In the entries below, every line with the string "fixes" is to be reported.

Collected data entries
---*---

(* Let $n$ be an odd positive integer and let $h\ge 2$ be an integer. Then there exists a $(2n+1)\times(2n+1)$ matrix $B$, all of whose entries lie in $\{0,1,\ldots,h\}$, which has two distinct real eigenvalues $\lambda\neq\mu$ with $|\lambda-\mu|\le h^{-\frac{(n+3)(n-3)}{4}}$. Moreover, $\lambda$ and $\mu$ are both roots of a single factor of the characteristic polynomial $\chi(B)$ which is irreducible over $\mathbb{Z}$ and has degree $n+1$.
   Context: $\chi(B)=\det(tI-B)$ denotes the characteristic polynomial of $B$, a monic polynomial with integer coefficients. *)

theory Defs
  imports Jordan_Normal_Form.Char_Poly "HOL-Computational_Algebra.Polynomial_Factorial"
begin

end

theory Submission
  imports Defs
begin

text \<open>
  Write \<open>n = 2m + 3\<close> with \<open>m \<ge> 1\<close> and \<open>a = h^m\<close>. The polynomial
  \<open>P = X^(2m+4) - 12 (1 + a X)^2\<close> is Eisenstein at 3, and it has two real roots within
  \<open>a^-(m+3) = h^-(m(m+3))\<close> of \<open>-1/a\<close>: there \<open>1 + a X\<close> vanishes and \<open>P > 0\<close>, while the tiny
  term \<open>X^(2m+4)\<close> is already beaten by \<open>12 (1 + a X)^2\<close> at distance \<open>a^-(m+3)/2\<close>.
  Every nonzero root of \<open>P\<close> is an eigenvalue of the weighted adjacency matrix, with weights in
  \<open>{1, 2, h}\<close>, of a digraph on \<open>4m + 7\<close> nodes: a cycle through two copies of a gadget made of
  two parallel paths (\<open>m\<close> edges of weight \<open>h\<close>, \<open>m + 1\<close> edges of weight 1) and through three
  parallel paths of two edges of weight 2; the eigenvector is written down explicitly.
  An irreducible integer polynomial sharing a root with \<open>\<chi>(B)\<close> divides it.
  For \<open>n = 1\<close> and \<open>n = 3\<close> fixed small matrices suffice.
\<close>

section \<open>Eisenstein's criterion\<close>

lemma prime_dvd_coeff_left_factor:
  fixes a b :: "'a::factorial_ring_gcd poly"
  assumes p: "prime p" and b0: "\<not> p dvd coeff b 0"
    and ab: "\<And>j. j \<le> i \<Longrightarrow> p dvd coeff (a * b) j"
  shows "p dvd coeff a i"
  using ab
proof (induction i rule: less_induct)
  case (less i)
  have "p dvd coeff a j" if "j < i" for j
    using less.IH[of j] less.prems that by simp
  then have lower: "p dvd (\<Sum>j<i. coeff a j * coeff b (i - j))"
    by (intro dvd_sum dvd_mult2) simp
  have "coeff (a * b) i = (\<Sum>j<i. coeff a j * coeff b (i - j)) + coeff a i * coeff b 0"
    by (simp add: coeff_mult lessThan_Suc_atMost[symmetric])
  moreover have "p dvd coeff (a * b) i"
    using less.prems by simp
  ultimately have "p dvd coeff a i * coeff b 0"
    using dvd_add_right_iff[OF lower] by simp
  then show ?case
    using p b0 prime_dvd_mult_iff by blast
qed

lemma eisenstein_irreducible:
  fixes f :: "'a::factorial_ring_gcd poly"
  assumes p: "prime p" and content: "content f = 1" and deg: "degree f \<noteq> 0"
    and lead: "\<not> p dvd lead_coeff f"
    and low: "\<And>i. i < degree f \<Longrightarrow> p dvd coeff f i"
    and const: "\<not> p^2 dvd coeff f 0"
  shows "irreducible f"
proof (rule irreducibleI)
  show f0: "f \<noteq> 0"
    using deg by auto
  show "\<not> is_unit f"
    using deg by (auto simp: is_unit_poly_iff)
  have nonconstant: "degree a \<noteq> 0" if ab: "f = a * b" and a: "\<not> is_unit a" for a b
  proof
    assume "degree a = 0"
    then have a_const: "a = [:coeff a 0:]"
      by (rule degree_0_id[symmetric])
    then have "[:coeff a 0:] dvd f"
      using ab by (metis dvd_triv_left)
    then have "is_unit (coeff a 0)"
      using content by (simp add: const_poly_dvd_iff_dvd_content)
    then show False
      using a a_const is_unit_const_poly_iff by metis
  qed
  have no_split: False
    if ab: "f = a * b" and a0: "p dvd coeff a 0" and units: "\<not> is_unit a" "\<not> is_unit b" for a b
  proof -
    have "degree f = degree a + degree b"
      using ab f0 by (simp add: degree_mult_eq)
    moreover have "degree b \<noteq> 0"
      using nonconstant[of b a] ab units(2) by (simp add: mult.commute)
    ultimately have deg_a: "degree a < degree f"
      by simp
    have b0: "\<not> p dvd coeff b 0"
    proof
      assume "p dvd coeff b 0"
      then have "p * p dvd coeff a 0 * coeff b 0"
        using a0 by (rule mult_dvd_mono[rotated])
      then show False
        using const ab by (simp add: coeff_mult power2_eq_square)
    qed
    have "p dvd lead_coeff a"
      using prime_dvd_coeff_left_factor[OF p b0, of "degree a" a] low deg_a ab by simp
    then show False
      using lead ab by (simp add: lead_coeff_mult)
  qed
  fix a b
  assume ab: "f = a * b"
  have "p dvd coeff a 0 * coeff b 0"
    using ab low[of 0] deg by (simp add: coeff_mult)
  then have "p dvd coeff a 0 \<or> p dvd coeff b 0"
    using p prime_dvd_mult_iff by blast
  then show "is_unit a \<or> is_unit b"
    using no_split[of a b] no_split[of b a] ab by (auto simp: mult.commute)
qed
lemma analytic_functionals_cmult:
  "\<alpha> \<in> analytic_functionals \<Longrightarrow> (\<lambda>u. c * \<alpha> u) \<in> analytic_functionals"
  unfolding analytic_functionals_def
  by (auto simp: distrib_left mult.left_commute continuous_map_atin tendsto_mult_left)

lemma tau_combination_analytic_functional: "(\<lambda>u. \<Sum>k<n. a k * tau k u) \<in> analytic_functionals"
proof (induction n)
  case 0
  then show ?case using analytic_functionals_cmult[OF tau_analytic_functional[of 0], of 0] by simp
next
  case (Suc n)
  then show ?case
    using analytic_functionals_add[OF Suc analytic_functionals_cmult[OF tau_analytic_functional]]
    by simp
qed

section \<open>Density of the finite combinations of the \<open>\<tau>\<^sup>k\<close>\<close>

text \<open>The Taylor truncations of \<open>\<alpha>\<close> converge uniformly on compact subsets of \<open>\<O>(\<complex>)\<close>: if \<open>\<alpha>\<close> is
  estimated on \<open>cball 0 R\<close>, Cauchy's estimates on \<open>cball 0 (2R)\<close> make the Taylor remainders of all
  \<open>u \<in> B\<close> uniformly small on \<open>cball 0 R\<close>.\<close>

lemma tau_truncation_approx:
  assumes \<alpha>: "\<alpha> \<in> analytic_functionals" and B: "compactin OC_top B" and e: "e > 0"
  shows "\<exists>n. \<forall>u\<in>B. norm (\<alpha> u - (\<Sum>k<n. acoeff \<alpha> k * tau k u)) < e"
proof -
  obtain R M where R: "R > 0" and M: "M > 0" and bound: "\<forall>u\<in>entire_fns. \<forall>S>0.
      (\<forall>z\<in>cball 0 R. norm (u z) \<le> S) \<longrightarrow> norm (\<alpha> u) \<le> M * S"
    using analytic_functional_bound[OF \<alpha>] by blast
  obtain S where S: "S > 0" and BS: "\<forall>u\<in>B. \<forall>z\<in>cball 0 (2*R). norm (u z) \<le> S"
    using compactin_OC_top_bounded[OF B compact_cball] by blast
  have BE: "B \<subseteq> entire_fns" using B by (auto simp: OC_top_def compactin_subtopology)
  obtain n where n: "(1/2::real) ^ n < e / (2 * M * S)"
    using real_arch_pow_inv[of "e / (2 * M * S)" "1/2"] e M S by auto
  have "norm (\<alpha> u - (\<Sum>k<n. acoeff \<alpha> k * tau k u)) < e" if uB: "u \<in> B" for u
  proof -
    have u: "u \<in> entire_fns" using uB BE by auto
    define g where "g = (\<lambda>z. u z - (\<Sum>k<n. (deriv ^^ k) u 0 / fact k * z ^ k))"
    have "\<alpha> g = \<alpha> u - \<alpha> (\<lambda>z. \<Sum>k<n. (deriv ^^ k) u 0 / fact k * z ^ k)"
      unfolding g_def by (rule analytic_functional_diff[OF \<alpha> u]) (intro entire_fns_sum entire_fns_monomial)
    also have "\<alpha> (\<lambda>z. \<Sum>k<n. (deriv ^^ k) u 0 / fact k * z ^ k)
        = (\<Sum>k<n. \<alpha> (\<lambda>z. (deriv ^^ k) u 0 / fact k * z ^ k))"
      by (rule analytic_functional_sum[OF \<alpha> finite_lessThan entire_fns_monomial])
    also have "\<dots> = (\<Sum>k<n. acoeff \<alpha> k * tau k u)"
    proof (rule sum.cong[OF refl])
      fix k
      have "\<alpha> (\<lambda>z. (deriv ^^ k) u 0 / fact k * z ^ k) = (deriv ^^ k) u 0 / fact k * \<alpha> (\<lambda>z. z ^ k)"
        by (rule analytic_functional_cmult[OF \<alpha> entire_fns_power])
      then show "\<alpha> (\<lambda>z. (deriv ^^ k) u 0 / fact k * z ^ k) = acoeff \<alpha> k * tau k u"
        using u by (simp add: acoeff_def tau_def)
    qed
    finally have \<alpha>g: "\<alpha> g = \<alpha> u - (\<Sum>k<n. acoeff \<alpha> k * tau k u)" .
    have "\<forall>z\<in>cball 0 R. norm (g z) \<le> 2 * S * (1/2) ^ n"
      unfolding g_def using taylor_remainder_bound[OF u R] BS uB by simp
    moreover have "g \<in> entire_fns"
      unfolding g_def by (intro entire_fns_diff[OF u] entire_fns_sum entire_fns_monomial)
    ultimately have "norm (\<alpha> g) \<le> M * (2 * S * (1/2) ^ n)" using bound S by simp
    also have "\<dots> < M * (2 * S * (e / (2 * M * S)))"
      using n M S by (intro mult_strict_left_mono) auto
    also have "\<dots> = e" using M S by (simp add: field_simps)
    finally show ?thesis by (simp only: \<alpha>g)
  qed
  then show ?thesis by blast
qed

lemma is_seminorm_OS_add:
  "is_seminorm_OS p \<Longrightarrow> \<alpha> \<in> analytic_functionals \<Longrightarrow> \<beta> \<in> analytic_functionals
    \<Longrightarrow> p (\<lambda>u. \<alpha> u + \<beta> u) \<le> p \<alpha> + p \<beta>"
  by (simp add: is_seminorm_OS_def)

lemma is_seminorm_OS_cmult:
  "is_seminorm_OS p \<Longrightarrow> \<alpha> \<in> analytic_functionals \<Longrightarrow> p (\<lambda>u. c * \<alpha> u) = norm c * p \<alpha>"
  by (simp add: is_seminorm_OS_def)

lemma is_seminorm_OS_zero: "is_seminorm_OS p \<Longrightarrow> p (\<lambda>u. 0) = 0"
  using is_seminorm_OS_cmult[OF _ tau_analytic_functional, of p 0 0] by simp

lemma is_seminorm_OS_nonneg:
  assumes p: "is_seminorm_OS p" and \<alpha>: "\<alpha> \<in> analytic_functionals"
  shows "0 \<le> p \<alpha>"
  using is_seminorm_OS_add[OF p \<alpha> analytic_functionals_cmult[OF \<alpha>, of "-1"]]
    is_seminorm_OS_cmult[OF p \<alpha>, of "-1"] is_seminorm_OS_zero[OF p]
  by simp

lemma is_seminorm_OS_tau_combination_le:
  assumes p: "is_seminorm_OS p"
  shows "p (\<lambda>u. \<Sum>k<n. a k * tau k u) \<le> (\<Sum>k<n. norm (a k) * p (tau k))"
proof (induction n)
  case 0
  then show ?case using is_seminorm_OS_zero[OF p] by simp
next
  case (Suc n)
  have "p (\<lambda>u. (\<Sum>k<n. a k * tau k u) + a n * tau n u)
      \<le> p (\<lambda>u. \<Sum>k<n. a k * tau k u) + p (\<lambda>u. a n * tau n u)"
    by (rule is_seminorm_OS_add[OF p tau_combination_analytic_functional
          analytic_functionals_cmult[OF tau_analytic_functional]])
  also have "\<dots> \<le> (\<Sum>k<n. norm (a k) * p (tau k)) + norm (a n) * p (tau n)"
    using Suc is_seminorm_OS_cmult[OF p tau_analytic_functional] by simp
  finally show ?case by simp
qed

lemma submultiplicative_OS_tau_le:
  assumes p: "is_seminorm_OS p" and sm: "submultiplicative_OS p"
  shows "p (tau k) \<le> p (tau 0) * p (tau 1) ^ k"
proof (induction k)
  case (Suc k)
  have "p (tau (Suc k)) \<le> p (tau 1) * p (tau k)"
    using sm tau_analytic_functional unfolding submultiplicative_OS_def aconv_tau_Suc[symmetric]
    by simp
  also have "\<dots> \<le> p (tau 1) * (p (tau 0) * p (tau 1) ^ k)"
    using Suc is_seminorm_OS_nonneg[OF p tau_analytic_functional] by (rule mult_left_mono)
  finally show ?case by (simp add: mult_ac)
qed simp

---*---

> [SOLUTION FOR THIS EXERCISE]:
  fixes a b :: "'a::factorial_ring_gcd poly"
  fixes f :: "'a::factorial_ring_gcd poly"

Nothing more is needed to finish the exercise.